Share your dilemmas and get honest opinions from other Mumsnetters.

Just had to tell my 11 year old she has BO

118 replies

BathshebaKnickerStickers · 06/11/2021 20:44

My 11 year old DD smells. She does a lot of sport and our rule is “you come in from training, you go straight to the shower” but she isn’t great at using the products in the shower.

For someone that has a shower every day and on 4 days a week, 2 showers a day, she has very greasy hair.

She “had a bath” after training this morning as she preferred that to a shower. She landed on top of me an hour ago and I told her she needed to start using her deodorant every day and washing properly in her showers.

It’s a conversation I’ve had to have in lif with both her sisters and my mum has had to have with me.

So now everyone hates me, my husband has just rocked in from the pub and is furious with me…

I don’t want her to be bullied, and I know her periods will start soon (all our girls started around 11 in primary school) and she needs to know how to take care of herself through puberty and the reality is that you can’t be subtle about smelling and taking care of yourself.

Everyone is furious with me but AIBU to think it has to be a blunt conversation

OP posts:
RunningScarabbed · 06/11/2021 22:01

That doesn't sound brutal. She'll be fine in a day or two. I remember my mother telling me I needed to wash my hair more carefully, around that age, because it was still greasy after showering. It might sting in the moment, but it's not the end of the world.

I'd be annoyed with your husband for not supporting you in this. I'd ask him if he'd like to have been the one to have this awkward conversation!

BoredZelda · 06/11/2021 22:01

Doesn’t sound like it was a bad conversation. Had to be done. Everyone will calm down tomorrow, but remind your husband if he doesn’t like how you are having these conversations, then he can do it.

Just one point though, if she is washing her hair twice a day, it may be greasy because of over washing. Maybe her second shower can be from the neck down only or give her a shower cap.

NichyNoo · 06/11/2021 22:10

I just tell my 11 year old DS that he smells of teenage boy and needs to go and get in the shower and wash his hair (he doesn’t have underarm BO but his hair smells bad after a day of sweat).

JeremiahStanding · 06/11/2021 22:14

I had this conversation with both my sons. They need to be told if they smell because someone else will tell them and no doubt publicly to humiliate them in school.

I have made mine sniff their clothes so they can smell it for themselves. They started showering daily from year 5. They use soap on their pits and bits and then shower gel on the rest of their bodies. Also deodorant.

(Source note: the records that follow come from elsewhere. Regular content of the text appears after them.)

definition iterate :: "nat \<Rightarrow> 'a set \<Rightarrow> 'a \<Rightarrow> real" where
  "iterate k = (update ^^ k) uniform"

lemma iterate_Suc: "iterate (Suc k) = update (iterate k)"
  unfolding iterate_def by simp

lemma admissible_iterate: "admissible (iterate k)"
  by (induction k) (auto simp: iterate_def admissible_uniform admissible_update)

lemma l1_dist_iterate_Suc: "l1_dist (iterate (Suc k)) (iterate k) \<le> (1 / 2) ^ k * l1_dist (iterate 1) (iterate 0)"
proof (induction k)
  case (Suc k)
  have "l1_dist (iterate (Suc (Suc k))) (iterate (Suc k)) \<le> l1_dist (iterate (Suc k)) (iterate k) / 2"
    using l1_dist_update_le[OF admissible_iterate[of "Suc k"] admissible_iterate[of k]]
    by (simp only: iterate_Suc)
  also have "\<dots> \<le> (1 / 2) ^ Suc k * l1_dist (iterate 1) (iterate 0)" using Suc by simp
  finally show ?case .
qed simp

lemma convergent_iterate:
  assumes "A \<subseteq> X" "x \<in> A"
  shows "convergent (\<lambda>k. iterate k A x)"
proof -
  define C where "C = l1_dist (iterate 1) (iterate 0)"
  have "summable (\<lambda>k. iterate (Suc k) A x - iterate k A x)"
  proof (rule summable_comparison_test')
    show "summable (\<lambda>k. C * (1 / 2) ^ k)" by (intro summable_mult summable_geometric) simp
    show "norm (iterate (Suc k) A x - iterate k A x) \<le> C * (1 / 2) ^ k" for k
      using abs_diff_le_l1_dist[OF assms, of "iterate (Suc k)" "iterate k"] l1_dist_iterate_Suc[of k]
      unfolding C_def by (simp add: mult.commute)
  qed
  then have "(\<lambda>n. \<Sum>k<n. iterate (Suc k) A x - iterate k A x) \<longlonglongrightarrow> (\<Sum>k. iterate (Suc k) A x - iterate k A x)"
    by (rule summable_LIMSEQ)
  then have "(\<lambda>n. iterate n A x - iterate 0 A x) \<longlonglongrightarrow> (\<Sum>k. iterate (Suc k) A x - iterate k A x)"
    by (simp add: sum_lessThan_telescope[of "\<lambda>k. iterate k A x"])
  then have "(\<lambda>n. (iterate n A x - iterate 0 A x) + iterate 0 A x)
      \<longlonglongrightarrow> (\<Sum>k. iterate (Suc k) A x - iterate k A x) + iterate 0 A x"
    by (intro tendsto_add tendsto_const)
  then show ?thesis unfolding convergent_def by auto
qed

You can't parent from a worry of upsetting a child. Your Dh is being ridiculous.

VimFuego101 · 06/11/2021 22:15

Your DH should be backing you up and reinforcing that she needs to shower, not getting annoyed at you.

Also a previous poster mentioned polyester school uniforms getting smelly - they do seem to really keep any sweat smells even after washing, you may want to soak/ treat her clothes to get rid of any remaining sweat smell.

MolkosTeenageAngst · 06/11/2021 22:16

Does she wash her hair every time she showers? Over washing her hair will make it greasier so washing it every day and sometimes twice a day won’t be helping the situation if her hair is greasy. I’d reduce the hair washing to every 2-3 days.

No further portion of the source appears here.